Jurnalindustry.com – Jakarta – Asosiasi Aneka Industri Keramik Indonesia (Asaki) menyebut bahwa produsen keramik dalam negeri telah mampu memenuhi kebutuhan keramik nasional, baik dari sisi volume produksi maupun tipe atau jenis keramik homogenius tile (HT).
“Bahkan, saat ini masih memiliki kapasitas idle sebesar 60% yakni sekitar 80-90 juta m2 yang siap untuk diproduksi jenis HT yang mana merupakan mayoritas keramik impor dari Tiongkok,” jelas Ketua Umum Asaki, Edy Suyanto di Jakarta (16/7)
Dirinya sangat menyayangkan terjadinya defisit 1,5 miliar dolar AS selama tahun 2019-2023 hanya karena keramik impor yang seharusnya tidak perlu terjadi.
“Karena sejatinya kita mampu produksi, namun karena praktik dumping tersebut pemerintah dan rakyat jelas yang dirugikan,” ujarnya.
Oleh karena itu, Asaki menilai bahwa kebijakan hambatan perdagangan berupa Bea Masuk Anti Dumping (BMAD) harus didukung penuh untuk melindungi industri domestik, mengingat kebijakan itu sudah sesuai dengan regulasi Organisasi Perdagangan Dunia (World Trade Organization/WTO).
“BMAD harus didukung penuh karena merupakan instrumen perlindungan terhadap industri dalam negeri yang mana sesuai dengan aturan WTO,” katanya.
Asaki menyayangkan ada sekelompok tertentu yang tidak suka kebijakan BMAD untuk produk keramik impor dijalankan.
“Asaki juga merasakan adanya kelompok tertentu yang tidak suka industri keramik nasional menjadi tuan rumah yang baik di negeri sendiri,” jelasnya.

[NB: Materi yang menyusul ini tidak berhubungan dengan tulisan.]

lemma pressure_seq_convex:
  assumes a: "0 \<le> a" "a \<le> 1"
  shows "pressure_seq (\<lambda>x. a * g x + (1 - a) * g' x) n \<Xi> N
       \<le> a * pressure_seq g n \<Xi> N + (1 - a) * pressure_seq g' n \<Xi> N"
proof -
  let ?K = "ln (fact N ^ n) :: real"
  have lin: "N_kappa N (\<lambda>x. a * g x + (1 - a) * g' x) Y = a * N_kappa N g Y + (1 - a) * N_kappa N g' Y"
    for Y by (simp add: N_kappa_def sum.distrib sum_distrib_left)
  have "ln (partition_fn (\<lambda>x. a * g x + (1 - a) * g' x) n \<Xi> N)
      \<le> a * ln (partition_fn g n \<Xi> N) + (1 - a) * ln (partition_fn g' n \<Xi> N)"
    unfolding partition_fn_def lin
    by (rule ln_sum_exp_convex[OF finite_perm_tuples perm_tuples_nonempty a])
  then have "(ln (partition_fn (\<lambda>x. a * g x + (1 - a) * g' x) n \<Xi> N) - ?K) / real N
      \<le> (a * (ln (partition_fn g n \<Xi> N) - ?K) + (1 - a) * (ln (partition_fn g' n \<Xi> N) - ?K)) / real N"
    by (intro divide_right_mono) (simp_all add: algebra_simps)
  then show ?thesis by (simp add: pressure_seq_partition_fn add_divide_distrib)
qed

context
  fixes ms :: "('a::{finite,linorder} \<Rightarrow> real) list" and \<Xi> :: "nat \<Rightarrow> 'a list list"
  assumes approx: "approx_seq ms \<Xi>"
begin

lemma configuration_column:
  assumes "ss \<in> perm_tuples (length ms) N"
  shows "map (\<lambda>x. x ! j) (map2 act ss (\<Xi> N)) \<in> pts (length ms)"
  using assms approx by (simp add: pts_def perm_tuples_def approx_seq_def)

lemma pressure_seq_lipschitz:
  "pressure_seq g (length ms) \<Xi> N \<le> pressure_seq g' (length ms) \<Xi> N + supnorm (length ms) (\<lambda>x. g x - g' x)"
proof (cases "N = 0")
  case True
  then show ?thesis using supnorm_nonneg by (simp add: pressure_seq_def)
next
  case False
  show ?thesis
  proof (rule pressure_seq_compare)
    fix ss assume ss: "ss \<in> perm_tuples (length ms) N"
    let ?col = "\<lambda>j. map (\<lambda>x. x ! j) (map2 act ss (\<Xi> N))"
    have "N_kappa N g (map2 act ss (\<Xi> N)) - N_kappa N g' (map2 act ss (\<Xi> N))
        = (\<Sum>j<N. g (?col j) - g' (?col j))"
      by (simp add: N_kappa_def sum_subtractf)
    also have "\<dots> \<le> (\<Sum>j<N. supnorm (length ms) (\<lambda>x. g x - g' x))"
      using abs_le_supnorm[OF configuration_column[OF ss], where f = "\<lambda>x. g x - g' x"]
      by (intro sum_mono) (meson abs_le_D1)
    finally show "N_kappa N g (map2 act ss (\<Xi> N))
        \<le> N_kappa N g' (map2 act ss (\<Xi> N)) + real N * supnorm (length ms) (\<lambda>x. g x - g' x)"
      by simp
  qed (use False in simp)
qed

lemma pressure_seq_mono:
  assumes "\<And>x. x \<in> pts (length ms) \<Longrightarrow> g x \<le> g' x"
  shows "pressure_seq g (length ms) \<Xi> N \<le> pressure_seq g' (length ms) \<Xi> N"
proof (cases "N = 0")
  case True
  then show ?thesis by (simp add: pressure_seq_def)
next
  case False
  have "pressure_seq g (length ms) \<Xi> N \<le> pressure_seq g' (length ms) \<Xi> N + 0"
  proof (rule pressure_seq_compare)
    fix ss assume "ss \<in> perm_tuples (length ms) N"
    then show "N_kappa N g (map2 act ss (\<Xi> N)) \<le> N_kappa N g' (map2 act ss (\<Xi> N)) + real N * 0"
      unfolding N_kappa_def using assms configuration_column by (simp add: sum_mono)
  qed (use False in simp)
  then show ?thesis by simp
qed

text \<open>Permuting the i-th row does not change how often the letter t occurs in it; hence adding
  a function of the i-th coordinate shifts the pressure by its average under the i-th type.\<close>
lemma pressure_seq_add_marginal:
  assumes N: "0 < N" and i: "i < length ms"
  shows "pressure_seq (\<lambda>x. g x + s * (if x ! i = t then 1 else 0)) (length ms) \<Xi> N
       = pressure_seq g (length ms) \<Xi> N + s * seq_type (\<Xi> N ! i) t"
proof (rule pressure_seq_shift[OF N])
  fix ss assume ss: "ss \<in> perm_tuples (length ms) N"
  have len: "length (\<Xi> N) = length ms" "length (\<Xi> N ! i) = N"
    using approx i by (auto simp: approx_seq_def)
  have perm: "inv (ss ! i) permutes {..<length (\<Xi> N ! i)}"
    using ss i len by (auto simp: perm_tuples_def intro!: permutes_inv)
  let ?row = "act (ss ! i) (\<Xi> N ! i)"
  have row: "map2 act ss (\<Xi> N) ! i = ?row" "length ?row = N"
    using ss i len by (simp_all add: perm_tuples_def act_def)
  have "(\<Sum>j<N. (if map (\<lambda>x. x ! j) (map2 act ss (\<Xi> N)) ! i = t then 1 else 0 :: real))
      = (\<Sum>j<length ?row. if ?row ! j = t then 1 else 0)"
    using ss i len row by (simp add: perm_tuples_def)
  also have "\<dots> = real (count_list ?row t)"
    by (rule count_list_as_sum[symmetric])
  also have "\<dots> = real (count_list (\<Xi> N ! i) t)"
    using perm by (simp add: act_def count_mset[symmetric] mset_permute_list)
  also have "\<dots> = real N * seq_type (\<Xi> N ! i) t"
    using N len by (simp add: seq_type_def)
  finally show "N_kappa N (\<lambda>x. g x + s * (if x ! i = t then 1 else 0)) (map2 act ss (\<Xi> N))
      = N_kappa N g (map2 act ss (\<Xi> N)) + real N * (s * seq_type (\<Xi> N ! i) t)"
    by (simp add: N_kappa_def sum.distrib sum_distrib_left[symmetric] mult_ac)
qed

end

lemma limsup_le_shift:
  assumes "\<And>N. 0 < N \<Longrightarrow> a N \<le> b N + c"
  shows "limsup (\<lambda>N. ereal (a N)) \<le> limsup (\<lambda>N. ereal (b N)) + ereal c"
proof -
  have "limsup (\<lambda>N. ereal (a N)) \<le> limsup (\<lambda>N. ereal (b N) + ereal c)"
    using assms by (intro Limsup_mono eventually_sequentiallyI[of 1]) simp
  also have "\<dots> = limsup (\<lambda>N. ereal (b N)) + ereal c"
    by (rule Limsup_add_ereal_right) auto
  finally show ?thesis .
qed

lemma limsup_add_convergent:
  assumes "\<And>N. 0 < N \<Longrightarrow> a N = b N + c N" and "c \<longlonglongrightarrow> l"
  shows "limsup (\<lambda>N. ereal (a N)) = limsup (\<lambda>N. ereal (b N)) + ereal l"
proof -
  have "limsup (\<lambda>N. ereal (a N)) = limsup (\<lambda>N. ereal (c N) + ereal (b N))"
    using assms(1) by (intro Limsup_eq eventually_sequentiallyI[of 1]) simp
  also have "\<dots> = ereal l + limsup (\<lambda>N. ereal (b N))"
    using assms(2) by (intro ereal_limsup_lim_add) (simp_all add: tendsto_ereal)
  finally show ?thesis by (simp add: add.commute)
qed

definition chosen_approx :: "('a::{finite,linorder} \<Rightarrow> real) list \<Rightarrow> nat \<Rightarrow> 'a list list" where
  "chosen_approx ms = (SOME \<Xi>. approx_seq ms \<Xi>)"

definition pressure :: "('a::{finite,linorder} list \<Rightarrow> real) \<Rightarrow> ('a \<Rightarrow> real) list \<Rightarrow> real" where
  "pressure h ms = real_of_ereal (P_sym h ms)"

context
  fixes ms :: "('a::{finite,linorder} \<Rightarrow> real) list"
  assumes probs: "\<forall>p\<in>set ms. is_prob p"
begin

lemma approx_chosen: "approx_seq ms (chosen_approx ms)"
  unfolding chosen_approx_def by (rule someI[where P = "approx_seq ms", OF approx_seq_exists[OF probs]])

lemma P_sym_chosen: "P_sym h ms = limsup (\<lambda>N. ereal (pressure_seq h (length ms) (chosen_approx ms) N))"
  by (simp add: P_sym_def chosen_approx_def)

text \<open>The finite-volume pressures are bounded by the sup norm, so the mutual pressure is finite.\<close>
lemma P_sym_pressure: "P_sym h ms = ereal (pressure h ms)"
proof -
  let ?n = "length ms" and ?p = "\<lambda>N. pressure_seq h (length ms) (chosen_approx ms) N"
  have upper: "?p N \<le> supnorm ?n h" for N
    using pressure_seq_lipschitz[OF approx_chosen, where g = h and g' = "\<lambda>x. 0" and N = N] by (simp add: pressure_seq_zero)
  have "supnorm ?n (\<lambda>x. 0 - h x) = supnorm ?n h" by (simp add: supnorm_def)
  then have lower: "- supnorm ?n h \<le> ?p N" for N
    using pressure_seq_lipschitz[OF approx_chosen, where g = "\<lambda>x. 0" and g' = h and N = N] by (simp add: pressure_seq_zero)
  have "P_sym h ms \<le> ereal (supnorm ?n h)" unfolding P_sym_chosen
    by (rule Limsup_bounded) (use upper in simp)
  moreover have "ereal (- supnorm ?n h) \<le> P_sym h ms" unfolding P_sym_chosen
    by (rule le_Limsup) (use lower in simp_all)
  ultimately have "\<bar>P_sym h ms\<bar> \<noteq> \<infinity>" by auto
  then show ?thesis unfolding pressure_def by (simp add: ereal_real')
qed

lemma pressure_lipschitz: "pressure g ms \<le> pressure g' ms + supnorm (length ms) (\<lambda>x. g x - g' x)"
proof -
  have "ereal (pressure g ms) \<le> ereal (pressure g' ms) + ereal (supnorm (length ms) (\<lambda>x. g x - g' x))"
    unfolding P_sym_pressure[symmetric] P_sym_chosen
    by (rule limsup_le_shift) (rule pressure_seq_lipschitz[OF approx_chosen])
  then show ?thesis by simp
qed

lemma pressure_mono:
  assumes "\<And>x. x \<in> pts (length ms) \<Longrightarrow> g x \<le> g' x"
  shows "pressure g ms \<le> pressure g' ms"
proof -
  have "ereal (pressure g ms) \<le> ereal (pressure g' ms) + ereal 0"
    unfolding P_sym_pressure[symmetric] P_sym_chosen
    by (rule limsup_le_shift) (simp add: pressure_seq_mono[OF approx_chosen assms])
  then show ?thesis by simp
qed

lemma pressure_local: "\<forall>x\<in>pts (length ms). g x = g' x \<Longrightarrow> pressure g ms = pressure g' ms"
  using pressure_mono[of g g'] pressure_mono[of g' g] by (simp add: order_antisym)

lemma pressure_add_const: "pressure (\<lambda>x. g x + c) ms = pressure g ms + c"
proof -
  have "P_sym (\<lambda>x. g x + c) ms = P_sym g ms + ereal c"
    unfolding P_sym_chosen
    by (rule limsup_add_convergent[where c = "\<lambda>N. c"]) (simp_all add: pressure_seq_add_const)
  then show ?thesis by (simp add: P_sym_pressure)
qed

lemma pressure_add_marginal:
  assumes i: "i < length ms"
  shows "pressure (\<lambda>x. g x + s * (if x ! i = t then 1 else 0)) ms = pressure g ms + s * (ms ! i) t"
proof -
  have "(\<lambda>N. s * seq_type (chosen_approx ms N ! i) t) \<longlonglongrightarrow> s * (ms ! i) t"
    using approx_chosen i unfolding approx_seq_def by (intro tendsto_mult_left) simp
  then have "P_sym (\<lambda>x. g x + s * (if x ! i = t then 1 else 0)) ms = P_sym g ms + ereal (s * (ms ! i) t)"
    unfolding P_sym_chosen
    by (rule limsup_add_convergent[rotated]) (rule pressure_seq_add_marginal[OF approx_chosen _ i])
  then show ?thesis by (simp add: P_sym_pressure)
qed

Lebih lanjut, ia berargumen kebijakan BMAD turut bisa melindungi konsumen dalam negeri, itu karena selama ini masyarakat disuguhkan keramik impor dengan harga dumping atau penurunan harga di bawah rata-rata (predatory pricing) dengan kualitas di bawah standar nasional.
“Adanya pengurangan kualitas seperti salah satu contohnya penurunan ketebalan keramik yang sebelumnya 1 cm menjadi 7 mm. Ini tentu mempengaruhi kekuatan dari keramik itu sendiri yakni bending dan breaking strength-nya menurun,” tutur Edy.
Sebagai informasi, pemerintah melalui Kementerian Perdagangan menggunakan otoritas yang dimiliki untuk melindungi dan menyelamatkan industri dalam negeri melalui pengenaan BMAD dan Bea Masuk Tindakan Pengamanan (BMTP) atau “safeguard”.
Tujuh sektor yang hendak dikenai hambatan perdagangan itu yakni, tekstil dan produk tekstil (TPT), pakaian jadi, keramik, elektronik, kosmetik, barang tekstil jadi serta alas kaki.
Penyelidikan serta penerapan BMAD dan BMTP berhubungan dengan produk-produk impor yang berkaitan erat dengan bahan baku untuk industri di dalam negeri.
BMAD dan BMTP diatur dalam Peraturan Pemerintah Nomor 34 Tahun 2011 tentang Tindakan Anti Dumping, Tindakan Imbalan dan Tindakan Pengamanan Perdagangan.
Perbedaan mendasar antara tindakan anti dumping dan tindakan pengamanan perdagangan terletak pada subjek pengenaannya.
Komite Anti Dumping Indonesia (KADI) sudah merekomendasikan BMAD atas impor ubin keramik yang berasal dari RRT dengan pengenaan tarif maksimal 199,98 persen, untuk menjaga industri keramik dalam negeri.